_Data for processing:_
lemma mode_eigenvalue_shifted:
  assumes n: "n \<ge> 2" and N: "N < n"
  shows "mode_eigenvalue n N k (\<lambda>m. real m * pi / real n + s) = of_real (Cconst n N k * sin s)"
proof -
  have "cis (real m * pi / real n + s) * (1 - \<omega> n ^ m)
          + cis (- (real m * pi / real n + s)) * (1 - \<omega> n ^ (n - m))
        = of_real (- 4 * sin s * sin (real m * pi / real n))" if "m \<in> {1..N}" for m
  proof -
    have "\<omega> n ^ m = cis (- 2 * (real m * pi / real n))"
      by (simp add: omega_pow mult_ac)
    moreover have "\<omega> n ^ (n - m) = cis (2 * (real m * pi / real n))"
      using that n N by (subst omega_pow_diff) (simp_all add: mult_ac)
    ultimately show ?thesis by (simp only: cis_shift_identity)
  qed
  then have "mode_eigenvalue n N k (\<lambda>m. real m * pi / real n + s)
      = - (\<Sum>m\<in>{1..N}. of_real (k m) * of_real (- 4 * sin s * sin (real m * pi / real n)))"
    unfolding mode_eigenvalue_def by (intro arg_cong[where f = uminus] sum.cong) simp_all
  then show ?thesis
    using n by (simp add: Cconst_eq sum_distrib_left sum_distrib_right sum_negf mult_ac)
qed

(* The equation is only assumed on the half-open interval; continuity extends the solution
   formula to the right endpoint, where the next sampling interval begins. *)
lemma linear_ode_exp_solution:
  fixes f :: "real \<Rightarrow> 'a::real_normed_vector"
  assumes ab: "a < b" and cont: "continuous_on {a..b} f"
    and deriv: "\<And>t. t \<in> {a..<b} \<Longrightarrow> (f has_vector_derivative c *\<^sub>R f t) (at t within {a..<b})"
    and s: "s \<in> {a..b}"
  shows "f s = exp (c * (s - a)) *\<^sub>R f a"
proof -
  define g where "g t = exp (- c * (t - a)) *\<^sub>R f t" for t
  have "(g has_vector_derivative 0) (at t within {a..<b})" if t: "t \<in> {a..<b}" for t
  proof -
    have "(g has_vector_derivative exp (- c * (t - a)) *\<^sub>R (c *\<^sub>R f t)
            + (exp (- c * (t - a)) * - c) *\<^sub>R f t) (at t within {a..<b})"
      unfolding g_def by (rule has_vector_derivative_scaleR[OF _ deriv[OF t]])
        (auto intro!: derivative_eq_intros)
    then show ?thesis by (rule has_vector_derivative_eq_rhs) (simp add: algebra_simps)
  qed
  then obtain C where gC: "\<And>t. t \<in> {a..<b} \<Longrightarrow> g t = C"
    using has_vector_derivative_zero_constant[of "{a..<b}" g] by auto
  have on_open: "f t - exp (c * (t - a)) *\<^sub>R f a = 0" if t: "t \<in> {a..<b}" for t
  proof -
    have "g t = f a"
      using gC[OF t] gC[of a] ab by (simp add: g_def)
    moreover have "f t = exp (c * (t - a)) *\<^sub>R g t"
      by (simp add: g_def exp_add[symmetric])
    ultimately show ?thesis by simp
  qed
  have cont_closure: "continuous_on (closure {a..<b}) (\<lambda>t. f t - exp (c * (t - a)) *\<^sub>R f a)"
    using ab cont by (auto intro!: continuous_intros)
  have "s \<in> closure {a..<b}"
    using ab s by simp
  from continuous_constant_on_closure[OF cont_closure on_open this]
  show ?thesis by (simp only: right_minus_eq)
qed
lemma AS_witness:
  fixes p u k0 h l :: nat
  assumes p: "p = 2 * u + 2 * k0 + 3" and h: "2 * h = p * p + 1" and l: "p * l \<le> 2 * h * u + h"
  shows "\<exists>e j n. j \<le> e \<and> e \<le> j + 1 \<and> e \<le> u \<and>
           2 * h * j + (h + p) * (e - j) + n = p * l + p - 1 \<and>
           p * (n + 1) < (p - (k0 + e) - 1) * (2 * h)"
proof -
  \<comment> \<open>The witness is \<open>(E, E, r)\<close> if \<open>r < h + p\<close> and \<open>(E + 1, E, r - h - p)\<close> otherwise.\<close>
  define E where "E = (p * l + p - 1) div (2 * h)"
  define r where "r = (p * l + p - 1) mod (2 * h)"
  have N: "p * l + p - 1 = 2 * h * E + r"
    unfolding E_def r_def by (metis div_mult_mod_eq mult.commute)
  have "r < 2 * h"
    unfolding r_def using h by simp
  have "3 * p \<le> p * p"
    using p by (intro mult_le_mono1) simp
  then have hp: "p + 1 < h"
    using h p by linarith
  have N1: "2 * h * E + r + 1 = p * l + p"
    using N p by simp
  have witness: ?thesis
    if "j \<le> e" "e \<le> j + 1" "e \<le> u" "2 * h * j + (h + p) * (e - j) + n = p * l + p - 1"
      "p * (n + 1) < (p - (k0 + e) - 1) * (2 * h)" for e j n
    using that by blast
  consider "r < h + p" | "h + p \<le> r"
    by linarith
  then show ?thesis
  proof cases
    case 1
    have "2 * h * E < 2 * h * (u + 1)"
      using N1 l hp by (simp add: algebra_simps)
    then have "E \<le> u"
      by (simp only: mult_less_cancel1) linarith
    have "r + 1 \<le> h + k0 + 1 \<or> E < u \<and> r + 1 \<le> h + p"
    proof (cases "E < u")
      case False
      with \<open>E \<le> u\<close> have "E = u"
        by simp
      \<comment> \<open>Here \<open>r + 1 \<le> h + p\<close> is too weak; the congruence mod \<open>p\<close> lowers it to \<open>h + k0 + 1\<close>.\<close>
      define s where "s = 2 * h * u + h - p * l"
      have "p * l + s = 2 * h * u + h" and "r + 1 + s = h + p"
        using l N1 \<open>E = u\<close> by (simp_all add: s_def)
      then show ?thesis
        using AS_top_slack[OF p h] by fastforce
    qed (use 1 in simp)
    then have "p * (r + 1) < (p - (k0 + E) - 1) * (2 * h)"
      by (rule AS_basis_bound[OF p h \<open>E \<le> u\<close>])
    moreover have "2 * h * E + (h + p) * (E - E) + r = p * l + p - 1"
      using N by simp
    ultimately show ?thesis
      using \<open>E \<le> u\<close> witness[of E E r] by simp
  next
    case 2
    have "2 * h * E < 2 * h * u"
      using N1 l 2 by linarith
    then have "E + 1 \<le> u"
      by (simp only: mult_less_cancel1) linarith
    moreover have "r - (h + p) + 1 \<le> h + k0 + 1"
      using \<open>r < 2 * h\<close> by simp
    ultimately have "p * (r - (h + p) + 1) < (p - (k0 + (E + 1)) - 1) * (2 * h)"
      by (intro AS_basis_bound[OF p h]) simp_all
    moreover have "2 * h * E + (h + p) * (E + 1 - E) + (r - (h + p)) = p * l + p - 1"
      using N 2 by simp
    ultimately show ?thesis
      using \<open>E + 1 \<le> u\<close> witness[of E "E + 1" "r - (h + p)"] by simp
  qed
qed

lemma AS_real_bounds_nat:
  fixes p h k0 l :: nat
  assumes "odd p" and "real k0 < (real p - 1) / 2"
    and "real l \<le> real (2 * h) * (real p / 2 - 1 - real k0) / real p"
  shows "\<exists>u. p = 2 * u + 2 * k0 + 3 \<and> p * l \<le> 2 * h * u + h"
proof -
  define u where "u = (p - 3) div 2 - k0"
  have "real (2 * k0 + 1) < real p"
    using assms(2) by simp
  then have "2 * k0 + 1 < p"
    by linarith
  then have p: "p = 2 * u + 2 * k0 + 3"
    using assms(1) unfolding u_def by presburger
  then have "real (2 * h) * (real p / 2 - 1 - real k0) = real (2 * h * u + h)"
    by (simp add: algebra_simps)
  then have "real l * real p \<le> real (2 * h * u + h)"
    using assms(3) p by (simp add: field_simps)
  then have "p * l \<le> 2 * h * u + h"
    by (metis of_nat_le_iff of_nat_mult mult.commute)
  with p show ?thesis
    by blast
qed

lemma AS_basis_of_bound:
  fixes p u k0 h l :: nat
  assumes p: "p = 2 * u + 2 * k0 + 3" and h: "2 * h = p * p + 1" and l: "p * l \<le> 2 * h * u + h"
  shows "(k0, l) \<in> AS_basis p (2 * h)"
proof (rule AS_basisI)
  have "1 < h"
    using h p le_square[of p] by linarith
  then have "p < h * p"
    using p by simp
  moreover have "(p - k0 - 1) * (2 * h) = 2 * h * u + h + h * p"
    using p by (simp add: algebra_simps)
  ultimately show "p * (l + 1) < (p - k0 - 1) * (2 * h)"
    using l by (simp only: distrib_left mult_1_right)
qed (use p in simp)

theorem mainTheorem5:
  fixes p d k0 l :: nat and f :: "'a::field poly"
  assumes "prime p" and "odd p"
    and "CHAR('a) = p"
    and "\<forall>q :: 'a poly. degree q \<ge> 1 \<longrightarrow> (\<exists>z. poly q z = 0)"
    and "d = p ^ 2 + 1"
    and "f = - monom 1 d - monom 1 (d div 2 + p)"
    and "real k0 < (real p - 1) / 2"
    and "real l \<le> real d * (real p / 2 - 1 - real k0) / real p"
  shows "\<exists>m n. (m, n) \<in> AS_basis p d \<and> real m < (real p - 1) / 2 \<and>
           largest_term p d (cartier_mono p f m n) (k0, l)"
proof -
  define h where "h = d div 2"
  have d: "d = 2 * h" and h: "2 * h = p * p + 1"
    using assms(2,5) by (simp_all add: h_def power2_eq_square)
  obtain u where p: "p = 2 * u + 2 * k0 + 3" and l: "p * l \<le> 2 * h * u + h"
    using AS_real_bounds_nat[OF assms(2,7)] assms(8) d by blast
  obtain e j n where "j \<le> e" "e \<le> j + 1" "e \<le> u"
    and exponent: "2 * h * j + (h + p) * (e - j) + n = p * l + p - 1"
    and bound: "p * (n + 1) < (p - (k0 + e) - 1) * (2 * h)"
    using AS_witness[OF p h l] by blast
  have e: "2 * (k0 + e) + 3 \<le> p"
    using \<open>e \<le> u\<close> p by simp
  show ?thesis
  proof (intro exI conjI)
    show "(k0 + e, n) \<in> AS_basis p d"
      using e bound d by (intro AS_basisI) simp_all
    show "real (k0 + e) < (real p - 1) / 2"
      using of_nat_mono[OF e, where 'a=real] by simp
    show "largest_term p d (cartier_mono p f (k0 + e) n) (k0, l)"
      using exponent e AS_basis_of_bound[OF p h l] d
      by (intro largest_term_cartier_mono[OF assms(1-6) \<open>j \<le> e\<close> \<open>e \<le> j + 1\<close>]) simp_all
  qed
qed

end
lemma rat_end_Cgen: "rat_end sc n (Cgen j)"
proof -
  have qh0: "qh \<noteq> 0" using qh q by auto
  have one: "1 \<in> {1..n}" and nn: "n \<in> {1..n}" using n2 by auto
  consider "j = 0" | "0 < j \<and> j < n" | "j = n" | "n < j" by linarith
  then show ?thesis
  proof cases
    case 1
    have "rat_end sc n (\<lambda>t. K_op sc (P 0) k0 u0 (qh / t 1))"
    proof (rule hecke_op.rat_end_K_op[OF hecke_op_P0 u0 poly_fun_const poly_fun_coord[OF one]])
      show "torus n t \<Longrightarrow> t 1 \<noteq> 0" for t using one unfolding torus_def by blast
      show "nonvanishing n (\<lambda>t. t 1 - k0 * u0 * qh)"
        by (rule nonvanishing_coord_affine[OF one, of 1 _ "- (k0 * u0 * qh)"]) simp_all
      show "nonvanishing n (\<lambda>t. t 1 + k0 * inverse u0 * qh)"
        by (rule nonvanishing_coord_affine[OF one, of 1]) simp_all
    qed
    then show ?thesis using 1 by (simp add: Cgen_def[abs_def])
  next
    case 2
    have jj: "j \<in> {1..n}" "Suc j \<in> {1..n}" "j \<noteq> Suc j" using 2 by auto
    have "rat_end sc n (\<lambda>t. R_op sc (P j) k (t j / t (Suc j)))"
    proof (rule hecke_op.rat_end_R_op[OF hecke_op_Pi poly_fun_coord[OF jj(1)] poly_fun_coord[OF jj(2)]])
      show "torus n t \<Longrightarrow> t (Suc j) \<noteq> 0" for t using jj unfolding torus_def by blast
      show "nonvanishing n (\<lambda>t. t (Suc j) - k\<^sup>2 * t j)"
        by (rule nonvanishing_coord_linear2[OF jj(2) jj(1) jj(3), of 1 _ "- k\<^sup>2"]) simp_all
    qed (use 2 in auto)
    then show ?thesis using 2 by (simp add: Cgen_def[abs_def])
  next
    case 3
    have "rat_end sc n (\<lambda>t. K_op sc (P n) kn un (t n / 1))"
    proof (rule hecke_op.rat_end_K_op[OF hecke_op_Pn un poly_fun_coord[OF nn] poly_fun_const])
      show "nonvanishing n (\<lambda>t. 1 - kn * un * t n)"
        by (rule nonvanishing_coord_affine[OF nn, of "- (kn * un)" _ 1]) (use kn un in simp_all)
      show "nonvanishing n (\<lambda>t. 1 + kn * inverse un * t n)"
        by (rule nonvanishing_coord_affine[OF nn, of "kn * inverse un" _ 1]) (use kn un in simp_all)
    qed simp
    then show ?thesis using 3 n2 by (simp add: Cgen_def[abs_def])
  next
    case 4
    then have "Cgen j = (\<lambda>t. id)" by (simp add: Cgen_def fun_eq_iff)
    then show ?thesis using rat_end_id[OF vs] by simp
  qed
qed

lemma rat_end_Cword: "rat_end sc n (Cword w)"
proof (induction w)
  case Nil
  show ?case unfolding Cword_Nil by (rule rat_end_id[OF vs])
next
  case (Cons j w)
  have "rat_end sc n (\<lambda>t. Cword w (sact n q j t))" by (rule rat_end_sact[OF Cons q]) (use n2 in simp)
  then show ?case unfolding Cword_Cons by (rule rat_end_comp[OF vs rat_end_Cgen])
qed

_Exercise details:_ Filter the data, keeping only the lines that contain "noteq".

_Task solution:_
  have qh0: "qh \<noteq> 0" using qh q by auto
      show "torus n t \<Longrightarrow> t 1 \<noteq> 0" for t using one unfolding torus_def by blast
    have jj: "j \<in> {1..n}" "Suc j \<in> {1..n}" "j \<noteq> Suc j" using 2 by auto
      show "torus n t \<Longrightarrow> t (Suc j) \<noteq> 0" for t using jj unfolding torus_def by blast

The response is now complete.